DATA TO USE
BEGIN

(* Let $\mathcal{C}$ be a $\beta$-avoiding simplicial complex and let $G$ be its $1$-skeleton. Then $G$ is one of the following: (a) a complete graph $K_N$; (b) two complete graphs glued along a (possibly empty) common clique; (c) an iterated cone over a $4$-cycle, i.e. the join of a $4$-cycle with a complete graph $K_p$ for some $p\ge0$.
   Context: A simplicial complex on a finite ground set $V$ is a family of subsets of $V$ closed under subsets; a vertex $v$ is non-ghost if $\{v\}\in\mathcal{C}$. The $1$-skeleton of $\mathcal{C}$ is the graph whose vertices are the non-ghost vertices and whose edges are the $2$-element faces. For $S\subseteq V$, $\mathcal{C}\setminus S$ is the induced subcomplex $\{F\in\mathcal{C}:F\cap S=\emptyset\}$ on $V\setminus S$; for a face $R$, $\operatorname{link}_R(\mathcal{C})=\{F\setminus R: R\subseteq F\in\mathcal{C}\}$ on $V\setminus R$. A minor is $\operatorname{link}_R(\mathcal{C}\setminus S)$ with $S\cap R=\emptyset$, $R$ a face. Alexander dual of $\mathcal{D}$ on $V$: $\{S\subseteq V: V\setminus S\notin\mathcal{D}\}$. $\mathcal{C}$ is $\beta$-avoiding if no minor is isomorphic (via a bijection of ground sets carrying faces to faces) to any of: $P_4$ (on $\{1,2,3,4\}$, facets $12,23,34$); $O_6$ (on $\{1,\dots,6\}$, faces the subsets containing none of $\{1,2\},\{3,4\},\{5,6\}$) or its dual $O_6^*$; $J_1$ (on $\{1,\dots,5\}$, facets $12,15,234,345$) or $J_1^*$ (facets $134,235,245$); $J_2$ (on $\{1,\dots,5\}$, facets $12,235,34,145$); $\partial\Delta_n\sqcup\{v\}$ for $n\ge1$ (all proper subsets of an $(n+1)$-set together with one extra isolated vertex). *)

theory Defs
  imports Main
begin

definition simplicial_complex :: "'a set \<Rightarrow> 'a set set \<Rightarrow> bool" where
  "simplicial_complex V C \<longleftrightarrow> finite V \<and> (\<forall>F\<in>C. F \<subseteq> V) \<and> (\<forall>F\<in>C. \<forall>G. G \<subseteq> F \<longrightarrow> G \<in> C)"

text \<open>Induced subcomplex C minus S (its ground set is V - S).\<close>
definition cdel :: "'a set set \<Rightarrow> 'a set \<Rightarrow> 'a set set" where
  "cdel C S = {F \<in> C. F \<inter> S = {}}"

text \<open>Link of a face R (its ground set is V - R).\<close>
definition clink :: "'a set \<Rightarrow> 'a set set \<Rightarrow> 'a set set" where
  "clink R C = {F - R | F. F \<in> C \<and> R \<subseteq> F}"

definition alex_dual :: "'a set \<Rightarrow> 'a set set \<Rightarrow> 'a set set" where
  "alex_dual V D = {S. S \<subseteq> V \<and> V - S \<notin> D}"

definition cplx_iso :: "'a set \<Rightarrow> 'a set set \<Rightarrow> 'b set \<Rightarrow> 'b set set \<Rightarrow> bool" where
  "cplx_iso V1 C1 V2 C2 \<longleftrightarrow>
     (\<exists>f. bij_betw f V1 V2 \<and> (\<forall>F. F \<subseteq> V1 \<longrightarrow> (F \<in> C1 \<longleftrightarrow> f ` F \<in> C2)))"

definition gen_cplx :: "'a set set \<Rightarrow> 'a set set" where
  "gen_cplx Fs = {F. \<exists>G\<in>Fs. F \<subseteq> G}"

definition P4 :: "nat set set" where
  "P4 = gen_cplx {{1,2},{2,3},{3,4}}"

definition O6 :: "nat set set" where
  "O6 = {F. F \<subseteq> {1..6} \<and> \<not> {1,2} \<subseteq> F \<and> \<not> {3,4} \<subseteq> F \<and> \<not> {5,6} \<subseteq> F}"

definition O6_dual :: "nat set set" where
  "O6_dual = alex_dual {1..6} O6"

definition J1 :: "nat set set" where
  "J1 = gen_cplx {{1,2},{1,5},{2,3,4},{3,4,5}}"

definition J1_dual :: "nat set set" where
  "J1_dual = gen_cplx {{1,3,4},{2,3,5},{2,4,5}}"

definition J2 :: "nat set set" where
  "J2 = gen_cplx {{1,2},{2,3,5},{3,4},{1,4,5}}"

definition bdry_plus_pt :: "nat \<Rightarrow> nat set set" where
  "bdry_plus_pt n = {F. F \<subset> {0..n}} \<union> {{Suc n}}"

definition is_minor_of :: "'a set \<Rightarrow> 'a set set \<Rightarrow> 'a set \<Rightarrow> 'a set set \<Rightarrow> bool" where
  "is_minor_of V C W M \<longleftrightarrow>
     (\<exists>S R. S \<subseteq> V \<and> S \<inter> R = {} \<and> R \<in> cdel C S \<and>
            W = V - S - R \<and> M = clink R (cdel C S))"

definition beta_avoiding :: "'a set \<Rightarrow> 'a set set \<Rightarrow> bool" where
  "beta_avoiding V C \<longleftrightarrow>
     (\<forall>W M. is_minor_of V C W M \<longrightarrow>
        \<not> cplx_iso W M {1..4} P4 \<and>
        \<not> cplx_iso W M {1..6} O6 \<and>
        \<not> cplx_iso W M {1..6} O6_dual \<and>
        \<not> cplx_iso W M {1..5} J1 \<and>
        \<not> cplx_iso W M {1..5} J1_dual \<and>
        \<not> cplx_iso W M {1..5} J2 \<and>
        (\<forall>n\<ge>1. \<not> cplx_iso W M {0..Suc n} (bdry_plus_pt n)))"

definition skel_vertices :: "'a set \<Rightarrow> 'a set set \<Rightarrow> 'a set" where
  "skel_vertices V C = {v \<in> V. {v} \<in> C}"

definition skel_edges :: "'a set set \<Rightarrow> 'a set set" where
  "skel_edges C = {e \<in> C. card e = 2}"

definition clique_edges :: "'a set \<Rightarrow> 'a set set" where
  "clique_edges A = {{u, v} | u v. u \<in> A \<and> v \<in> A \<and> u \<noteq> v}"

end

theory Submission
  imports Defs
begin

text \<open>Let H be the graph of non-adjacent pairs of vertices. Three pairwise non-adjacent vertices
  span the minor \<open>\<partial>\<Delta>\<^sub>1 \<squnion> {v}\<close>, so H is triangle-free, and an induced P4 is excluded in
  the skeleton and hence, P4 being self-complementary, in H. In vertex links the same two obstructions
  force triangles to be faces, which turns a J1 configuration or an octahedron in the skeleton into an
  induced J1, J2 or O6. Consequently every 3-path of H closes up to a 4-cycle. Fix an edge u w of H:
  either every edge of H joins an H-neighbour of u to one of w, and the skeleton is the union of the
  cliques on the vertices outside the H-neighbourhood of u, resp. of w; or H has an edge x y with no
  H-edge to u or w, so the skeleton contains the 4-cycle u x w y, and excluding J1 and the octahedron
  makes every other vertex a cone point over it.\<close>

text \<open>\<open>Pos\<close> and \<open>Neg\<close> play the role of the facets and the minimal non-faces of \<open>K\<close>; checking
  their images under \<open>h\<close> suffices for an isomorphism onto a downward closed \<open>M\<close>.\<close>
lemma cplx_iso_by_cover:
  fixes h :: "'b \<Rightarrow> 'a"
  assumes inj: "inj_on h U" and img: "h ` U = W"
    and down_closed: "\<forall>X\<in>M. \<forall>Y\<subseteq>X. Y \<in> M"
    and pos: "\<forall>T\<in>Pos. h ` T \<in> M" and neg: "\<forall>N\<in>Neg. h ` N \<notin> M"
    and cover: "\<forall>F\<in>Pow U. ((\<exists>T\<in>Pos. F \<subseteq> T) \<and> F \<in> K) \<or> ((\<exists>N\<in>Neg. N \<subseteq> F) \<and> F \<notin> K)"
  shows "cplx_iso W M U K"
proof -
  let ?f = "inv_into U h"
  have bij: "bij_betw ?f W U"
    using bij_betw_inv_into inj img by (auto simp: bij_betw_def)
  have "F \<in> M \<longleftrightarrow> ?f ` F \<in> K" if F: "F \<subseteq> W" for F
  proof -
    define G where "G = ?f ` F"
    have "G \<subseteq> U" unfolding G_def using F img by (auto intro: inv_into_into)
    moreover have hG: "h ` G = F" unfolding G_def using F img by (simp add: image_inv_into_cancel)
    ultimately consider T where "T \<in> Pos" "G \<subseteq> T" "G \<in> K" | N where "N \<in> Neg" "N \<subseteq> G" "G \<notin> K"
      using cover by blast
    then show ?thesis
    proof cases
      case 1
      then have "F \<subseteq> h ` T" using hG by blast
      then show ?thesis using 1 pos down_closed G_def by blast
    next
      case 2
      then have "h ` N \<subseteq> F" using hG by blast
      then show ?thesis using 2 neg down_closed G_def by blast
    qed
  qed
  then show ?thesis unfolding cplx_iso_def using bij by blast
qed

END

EXERCISE PROMPT
Please copy, exactly and with nothing else, the lines above beginning at the line that has "span the minor" and ending with the line that has "(simp add: image_inv_into_cancel)".

RESULT OF THIS TASK
  span the minor \<open>\<partial>\<Delta>\<^sub>1 \<squnion> {v}\<close>, so H is triangle-free, and an induced P4 is excluded in
  the skeleton and hence, P4 being self-complementary, in H. In vertex links the same two obstructions
  force triangles to be faces, which turns a J1 configuration or an octahedron in the skeleton into an
  induced J1, J2 or O6. Consequently every 3-path of H closes up to a 4-cycle. Fix an edge u w of H:
  either every edge of H joins an H-neighbour of u to one of w, and the skeleton is the union of the
  cliques on the vertices outside the H-neighbourhood of u, resp. of w; or H has an edge x y with no
  H-edge to u or w, so the skeleton contains the 4-cycle u x w y, and excluding J1 and the octahedron
  makes every other vertex a cone point over it.\<close>

text \<open>\<open>Pos\<close> and \<open>Neg\<close> play the role of the facets and the minimal non-faces of \<open>K\<close>; checking
  their images under \<open>h\<close> suffices for an isomorphism onto a downward closed \<open>M\<close>.\<close>
lemma cplx_iso_by_cover:
  fixes h :: "'b \<Rightarrow> 'a"
  assumes inj: "inj_on h U" and img: "h ` U = W"
    and down_closed: "\<forall>X\<in>M. \<forall>Y\<subseteq>X. Y \<in> M"
    and pos: "\<forall>T\<in>Pos. h ` T \<in> M" and neg: "\<forall>N\<in>Neg. h ` N \<notin> M"
    and cover: "\<forall>F\<in>Pow U. ((\<exists>T\<in>Pos. F \<subseteq> T) \<and> F \<in> K) \<or> ((\<exists>N\<in>Neg. N \<subseteq> F) \<and> F \<notin> K)"
  shows "cplx_iso W M U K"
proof -
  let ?f = "inv_into U h"
  have bij: "bij_betw ?f W U"
    using bij_betw_inv_into inj img by (auto simp: bij_betw_def)
  have "F \<in> M \<longleftrightarrow> ?f ` F \<in> K" if F: "F \<subseteq> W" for F
  proof -
    define G where "G = ?f ` F"
    have "G \<subseteq> U" unfolding G_def using F img by (auto intro: inv_into_into)
    moreover have hG: "h ` G = F" unfolding G_def using F img by (simp add: image_inv_into_cancel)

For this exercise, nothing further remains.